Episode Details
Back to EpisodesOpinion Summary: Blanche v. Lau | Seize Green Cards First and Prove Why Later
Description
Blanche, Acting Attorney General v. Muk Choi Lau | Case No. 25-429 | Docket Link: Here | Argued: April 22, 2026 | Decided: June 23, 2026
Overview: The Court addressed whether border officers must possess clear and convincing evidence that a green card holder committed a crime before stripping that person of already-admitted status and treating the holder as an applicant for admission.
Question Presented: Whether the INA requires border officers to possess clear and convincing evidence of a crime before treating a green card holder as seeking admission.

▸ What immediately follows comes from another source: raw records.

lemma deriv_divide_in_image_if_deriv_ne:
  assumes \<phi>: "\<phi> holomorphic_on ball 0 1" "continuous_on (cball 0 1) \<phi>" "inj_on \<phi> (cball 0 1)"
      "\<phi> 0 = 1"
    and f: "f holomorphic_on ball 0 1" "deriv f 0 = 1"
    and g: "g holomorphic_on ball 0 1" "g 0 = 1"
    and ne: "\<And>z u. z \<in> ball 0 1 \<Longrightarrow> cmod u = 1 \<Longrightarrow> \<phi> u * g z \<noteq> deriv f z"
    and "z \<in> ball 0 1"
  shows "g z \<noteq> 0 \<and> deriv f z / g z \<in> \<phi> ` ball 0 1"
proof (rule quotient_stays_in_open_set[where U = "ball 0 1" and g = g and d = "deriv f"
      and K = "\<phi> ` cball 0 1" and Om = "\<phi> ` ball 0 1"])
  show "continuous_on (ball 0 1) g" "continuous_on (ball 0 1) (deriv f)"
    using g(1) holomorphic_deriv[OF f(1)] by (auto intro: holomorphic_on_imp_continuous_on)
  show "compact (\<phi> ` cball 0 1)"
    using \<phi>(2) by (intro compact_continuous_image) auto
  show "open (\<phi> ` ball 0 1)"
    using \<phi>(1) inj_on_subset[OF \<phi>(3) ball_subset_cball] by (intro open_mapping_thm3) auto
  show "deriv f z \<noteq> 0" if "z \<in> ball 0 1" "g z = 0" for z
    using ne[OF that(1), of 1] that(2) by simp
  show "deriv f z / g z \<in> \<phi> ` ball 0 1"
    if z: "z \<in> ball 0 1" and gz: "g z \<noteq> 0" and "deriv f z / g z \<in> \<phi> ` cball 0 1" for z
  proof -
    obtain y where y: "cmod y \<le> 1" "deriv f z / g z = \<phi> y"
      using \<open>deriv f z / g z \<in> \<phi> ` cball 0 1\<close> by auto
    then have "cmod y \<noteq> 1"
      using ne[OF z, of y] gz by (auto simp: field_simps)
    then show ?thesis
      using y by auto
  qed
  show "deriv f 0 / g 0 \<in> \<phi> ` ball 0 1"
    using f(2) g(2) \<phi>(4) by force
qed (use assms g(2) in auto)

lemma subordinate_starlike_quot_if_deriv_ne:
  assumes \<phi>: "\<phi> holomorphic_on ball 0 1" "continuous_on (cball 0 1) \<phi>" "inj_on \<phi> (cball 0 1)"
      "\<phi> 0 = 1"
    and f: "f holomorphic_on ball 0 1" "deriv f 0 = 1"
    and g: "g holomorphic_on ball 0 1" "g 0 = 1"
    and quot: "\<And>z. z \<in> ball 0 1 \<Longrightarrow> starlike_quot f z = deriv f z / g z"
    and ne: "\<And>z u. z \<in> ball 0 1 \<Longrightarrow> cmod u = 1 \<Longrightarrow> \<phi> u * g z \<noteq> deriv f z"
  shows "subordinate (starlike_quot f) \<phi>"
proof -
  have in_image: "g z \<noteq> 0 \<and> deriv f z / g z \<in> \<phi> ` ball 0 1" if "z \<in> ball 0 1" for z
    using deriv_divide_in_image_if_deriv_ne[OF \<phi> f g] ne that by blast
  obtain \<psi> where \<psi>: "\<psi> holomorphic_on \<phi> ` ball 0 1" "\<And>z. z \<in> ball 0 1 \<Longrightarrow> \<psi> (\<phi> z) = z"
    using holomorphic_has_inverse[OF \<phi>(1) open_ball inj_on_subset[OF \<phi>(3) ball_subset_cball]]
    by blast
  define w where "w z = \<psi> (deriv f z / g z)" for z
  have "w holomorphic_on ball 0 1"
    unfolding w_def using in_image f(1)
    by (intro holomorphic_on_compose_gen[OF _ \<psi>(1), unfolded o_def] holomorphic_intros g(1)) auto
  moreover have "w z \<in> ball 0 1 \<and> \<phi> (w z) = starlike_quot f z" if "z \<in> ball 0 1" for z
    using in_image[OF that] \<psi>(2) quot[OF that] by (auto simp: w_def)
  moreover have "w 0 = 0"
    using \<psi>(2)[of 0] f(2) g(2) \<phi>(4) by (simp add: w_def)
  ultimately show ?thesis
    unfolding subordinate_def by (intro exI[of _ w]) auto
qed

Posture: Second Circuit vacated removal order; Supreme Court granted certiorari to resolve circuit split.
Main Arguments:
• Petitioner (Government):
- (1) The INA imposes no evidentiary burden on border officers making on-the-spot classification decisions;
- (2) the two-step framework requires crime commission at step one and conviction at step two, both satisfied here;
- (3) the government met the clear-and-convincing standard at the removal hearing through Lau's guilty plea.
• Respondent (Lau):
- (1) The INA's "shall not" command required the government to determine whether an exception applied before treating a returning green card holder as seeking admission;
- (2) the statute's present-perfect tense confirms border officers must make that determination at the moment of reentry, not later;
- (3) a conviction entered after the parole decision cannot retroactively justify the border officer's classification call.
Holding: The INA does not require a border officer to possess clear and convincing evidence that a lawful permanent resident committed a crime involving moral turpitude before treating the resident as an applicant for admission.
Voting Breakdown: 6-3. Justice Thomas wrote the majority opinion joined by Chief Justice Roberts and Justices Alito, Gorsuch, Kavanaugh, and Barrett. Justice Jackson filed a dissenting opinion joined by Justices Sotomayor and Kagan. Second Circuit judgment vacated and remanded.
Majority Reasoning:
- (1) Section 1101(a)(13)(C)(v) requires only crime commission — not conviction — at step one to trigger "seeking admission" status; conviction or admission of guilt at step two establishes inadmissibility;
- (2) the INA nowhere imposes a clear-and-convincing-evidence burden on border officers making on-the-spot classification calls;
- (3) the BIA's clear-and-convincing standard applies at removal hearings — not at the border — and the government satisfied it through Lau's guilty plea.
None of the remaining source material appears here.